[Input Boundary: Start]

text \<open>X is a continuous (strong) solution of dX = -X dt + b(X) dt + sqrt 2 dW, X_0 = x,
  written in integral form (the noise is additive).\<close>
definition is_solution :: "'w measure \<Rightarrow> ('a::{real_inner,complete_space} \<Rightarrow> 'a)
     \<Rightarrow> (real \<Rightarrow> 'w \<Rightarrow> 'a) \<Rightarrow> 'a \<Rightarrow> (real \<Rightarrow> 'w \<Rightarrow> 'a) \<Rightarrow> bool" where
  "is_solution M b W x X \<longleftrightarrow>
     (\<forall>t\<ge>0. X t \<in> borel_measurable M) \<and>
     (AE \<omega> in M. continuous_on {0..} (\<lambda>t. X t \<omega>) \<and>
        (\<forall>t\<ge>0. X t \<omega> = x + integral {0..t} (\<lambda>s. - X s \<omega> + b (X s \<omega>)) + sqrt 2 *\<^sub>R W t \<omega>))"

text \<open>Transition kernel p_t(x, A) = P(X^x_t \<in> A), X y = solution started at y.\<close>
definition trans_kernel :: "'w measure \<Rightarrow> ('a \<Rightarrow> real \<Rightarrow> 'w \<Rightarrow> 'a) \<Rightarrow> real \<Rightarrow> 'a \<Rightarrow> 'a set \<Rightarrow> ennreal" where
  "trans_kernel M X t y A = emeasure M {\<omega> \<in> space M. X y t \<omega> \<in> A}"

definition kernel_act :: "'w measure \<Rightarrow> ('a::topological_space \<Rightarrow> real \<Rightarrow> 'w \<Rightarrow> 'a) \<Rightarrow> real
     \<Rightarrow> 'a measure \<Rightarrow> 'a measure" where
  "kernel_act M X t \<mu> = measure_of UNIV (sets borel) (\<lambda>A. \<integral>\<^sup>+ y. trans_kernel M X t y A \<partial>\<mu>)"

definition borel_probs :: "('a::topological_space) measure set" where
  "borel_probs = {\<mu>. prob_space \<mu> \<and> sets \<mu> = sets borel}"

definition P1 :: "('a::real_normed_vector) measure set" where
  "P1 = {\<mu>. \<mu> \<in> borel_probs \<and> (\<integral>\<^sup>+ x. ennreal (norm x) \<partial>\<mu>) < \<infinity>}"

definition couplings :: "'a::topological_space measure \<Rightarrow> 'a measure \<Rightarrow> ('a \<times> 'a) measure set" where
  "couplings \<mu> \<nu> = {\<gamma>. \<gamma> \<in> borel_probs \<and> distr \<gamma> borel fst = \<mu> \<and> distr \<gamma> borel snd = \<nu>}"

definition wasserstein :: "('a::topological_space \<Rightarrow> 'a \<Rightarrow> real) \<Rightarrow> 'a measure \<Rightarrow> 'a measure \<Rightarrow> ennreal" where
  "wasserstein d \<mu> \<nu> = (INF \<gamma> \<in> couplings \<mu> \<nu>. \<integral>\<^sup>+ z. ennreal (d (fst z) (snd z)) \<partial>\<gamma>)"

text \<open>Projection onto span{e_1,...,e_n} (indices 0..n-1 here).\<close>
definition low_proj :: "(nat \<Rightarrow> 'a::real_inner) \<Rightarrow> nat \<Rightarrow> 'a \<Rightarrow> 'a" where
  "low_proj e n x = (\<Sum>k<n. inner x (e k) *\<^sub>R e k)"

definition high_proj :: "(nat \<Rightarrow> 'a::real_inner) \<Rightarrow> nat \<Rightarrow> 'a \<Rightarrow> 'a" where
  "high_proj e n x = x - low_proj e n x"

definition alpha_norm :: "(nat \<Rightarrow> 'a::real_inner) \<Rightarrow> nat \<Rightarrow> real \<Rightarrow> 'a \<Rightarrow> real" where
  "alpha_norm e n \<alpha> x = norm (low_proj e n x) + \<alpha> * norm (high_proj e n x)"

end

theory Submission
  imports Defs
begin

text \<open>Couple the solutions started at x and y synchronously, i.e. drive both by the same noise.
  The additive noise cancels in the difference D, which solves D' = - D + b(X^x) - b(X^y) pathwise.
  By variation of constants and (A1), the weighted norm V = \<parallel>D^l\<parallel> + \<alpha> \<parallel>D^h\<parallel> satisfies
  exp s V(s) \<le> V(0) + (1 - c) \<integral>[0,s] exp r V(r) dr, and Gronwall's inequality gives
  V(t) \<le> exp (- c t) V(0) almost surely. Pushing a coupling of \<mu> and \<nu> forward along
  (x, y) \<mapsto> (X^x_t, X^y_t) yields a coupling of \<mu> p_t and \<nu> p_t whose cost is at most exp (- c t)
  times the original one. The push-forward requires a jointly measurable version of
  (x, \<omega>) \<mapsto> X^x_t(\<omega>), which exists since this field is almost surely Lipschitz in x.\<close>

section \<open>Integration in complete normed spaces\<close>

text \<open>The Henstock--Kurzweil library works with the sort \<open>banach\<close>, of which
  \<open>{real_normed_vector, complete_space}\<close> is not a subsort; its results are transported
  through an isometric copy of the space.\<close>

typedef ('a::"{real_normed_vector,complete_space}") banach_copy = "UNIV :: 'a set"
  morphisms of_copy to_copy by auto

setup_lifting type_definition_banach_copy

instantiation banach_copy :: ("{real_normed_vector,complete_space}") real_normed_vector
begin
lift_definition zero_banach_copy :: "'a banach_copy" is 0 .
lift_definition plus_banach_copy :: "'a banach_copy \<Rightarrow> 'a banach_copy \<Rightarrow> 'a banach_copy" is "(+)" .
lift_definition minus_banach_copy :: "'a banach_copy \<Rightarrow> 'a banach_copy \<Rightarrow> 'a banach_copy" is "(-)" .
lift_definition uminus_banach_copy :: "'a banach_copy \<Rightarrow> 'a banach_copy" is uminus .
lift_definition scaleR_banach_copy :: "real \<Rightarrow> 'a banach_copy \<Rightarrow> 'a banach_copy" is scaleR .
lift_definition norm_banach_copy :: "'a banach_copy \<Rightarrow> real" is norm .
lift_definition sgn_banach_copy :: "'a banach_copy \<Rightarrow> 'a banach_copy" is sgn .
lift_definition dist_banach_copy :: "'a banach_copy \<Rightarrow> 'a banach_copy \<Rightarrow> real" is dist .
definition uniformity_banach_copy :: "('a banach_copy \<times> 'a banach_copy) filter" where
  "uniformity_banach_copy = (INF e\<in>{0<..}. principal {(x, y). dist x y < e})"
definition open_banach_copy :: "'a banach_copy set \<Rightarrow> bool" where
  "open_banach_copy U = (\<forall>x\<in>U. eventually (\<lambda>(x', y). x' = x \<longrightarrow> y \<in> U) uniformity)"
instance
  by standard (transfer; simp add: algebra_simps dist_norm sgn_div_norm norm_triangle_ineq
      uniformity_banach_copy_def open_banach_copy_def)+
end

lemma bounded_linear_of_copy: "bounded_linear of_copy"
  by (rule bounded_linear_intro[where K=1]; transfer; simp)

lemma bounded_linear_to_copy: "bounded_linear to_copy"
  by (rule bounded_linear_intro[where K=1]; transfer; simp)

lemma norm_to_copy [simp]: "norm (to_copy x) = norm x"
  by transfer simp

instance banach_copy :: ("{real_normed_vector,complete_space}") banach
proof
  fix X :: "nat \<Rightarrow> 'a banach_copy"
  assume "Cauchy X"
  then have "Cauchy (\<lambda>n. of_copy (X n))"
    by (rule bounded_linear.Cauchy[OF bounded_linear_of_copy])
  then obtain L where "(\<lambda>n. of_copy (X n)) \<longlonglongrightarrow> L"
    by (auto simp: Cauchy_convergent_iff convergent_def)
  from bounded_linear.tendsto[OF bounded_linear_to_copy this] show "convergent X"
    by (auto simp: convergent_def of_copy_inverse)
qed

lemma has_integral_to_copy_iff:
  "((\<lambda>x. to_copy (f x)) has_integral to_copy I) S \<longleftrightarrow> (f has_integral I) S"
  using has_integral_linear[OF _ bounded_linear_to_copy, of f I S]
    has_integral_linear[OF _ bounded_linear_of_copy, of "\<lambda>x. to_copy (f x)" "to_copy I" S]
  by (auto simp: o_def to_copy_inverse)

lemma integrable_continuous_interval_complete:
  fixes f :: "'b::ordered_euclidean_space \<Rightarrow> 'a::{real_normed_vector,complete_space}"
  assumes "continuous_on {a..b} f"
  shows "f integrable_on {a..b}"
proof -
  have "(\<lambda>x. to_copy (f x)) integrable_on {a..b}"
    by (intro integrable_continuous_interval continuous_on_compose2[OF
          bounded_linear.continuous_on[OF bounded_linear_to_copy continuous_on_id] assms]) auto
  then obtain I where "((\<lambda>x. to_copy (f x)) has_integral to_copy I) {a..b}"
    by (metis integrable_on_def of_copy_inverse)
  then show ?thesis
    by (auto simp: has_integral_to_copy_iff)
qed

lemma integral_norm_bound_integral_complete:
  fixes f :: "'n::euclidean_space \<Rightarrow> 'a::{real_normed_vector,complete_space}"
  assumes f: "f integrable_on S" and g: "g integrable_on S"
    and le: "\<And>x. x \<in> S \<Longrightarrow> norm (f x) \<le> g x"
  shows "norm (integral S f) \<le> integral S g"
proof -
  have "((\<lambda>x. to_copy (f x)) has_integral to_copy (integral S f)) S"
    using f by (simp add: has_integral_to_copy_iff integrable_integral)
  then have "norm (integral S f) = norm (integral S (\<lambda>x. to_copy (f x)))"
    by (simp add: integral_unique)
  also have "\<dots> \<le> integral S g"
    using \<open>((\<lambda>x. to_copy (f x)) has_integral _) S\<close> g le
    by (intro integral_norm_bound_integral) auto
  finally show ?thesis .
qed

lemma integral_has_vector_derivative_complete:
  fixes f :: "real \<Rightarrow> 'a::{real_normed_vector,complete_space}"
  assumes f: "continuous_on {a..b} f" and x: "x \<in> {a..b}"
  shows "((\<lambda>u. integral {a..u} f) has_vector_derivative f x) (at x within {a..b})"
proof -
  have "((\<lambda>u. integral {a..u} (\<lambda>r. to_copy (f r))) has_vector_derivative to_copy (f x))
      (at x within {a..b})"
    by (intro integral_has_vector_derivative x continuous_on_compose2[OF
          bounded_linear.continuous_on[OF bounded_linear_to_copy continuous_on_id] f]) auto
  from bounded_linear.has_vector_derivative[OF bounded_linear_of_copy this]
  have "((\<lambda>u. of_copy (integral {a..u} (\<lambda>r. to_copy (f r)))) has_vector_derivative f x)
      (at x within {a..b})"
    by (simp add: to_copy_inverse)
  moreover have "integral {a..u} f = of_copy (integral {a..u} (\<lambda>r. to_copy (f r)))"
    if "u \<in> {a..b}" for u
  proof -
    have "f integrable_on {a..u}"
      using that by (intro integrable_continuous_interval_complete continuous_on_subset[OF f]) auto
    then have "((\<lambda>r. to_copy (f r)) has_integral to_copy (integral {a..u} f)) {a..u}"
      by (simp add: has_integral_to_copy_iff integrable_integral)
    then show ?thesis
      by (simp add: integral_unique to_copy_inverse)
  qed
  ultimately show ?thesis
    by (rule has_vector_derivative_transform[OF x, rotated])
qed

[Input Boundary: End]

About this task
From the data above, copy each line that holds "sets".

Written reply
  "kernel_act M X t \<mu> = measure_of UNIV (sets borel) (\<lambda>A. \<integral>\<^sup>+ y. trans_kernel M X t y A \<partial>\<mu>)"
  "borel_probs = {\<mu>. prob_space \<mu> \<and> sets \<mu> = sets borel}"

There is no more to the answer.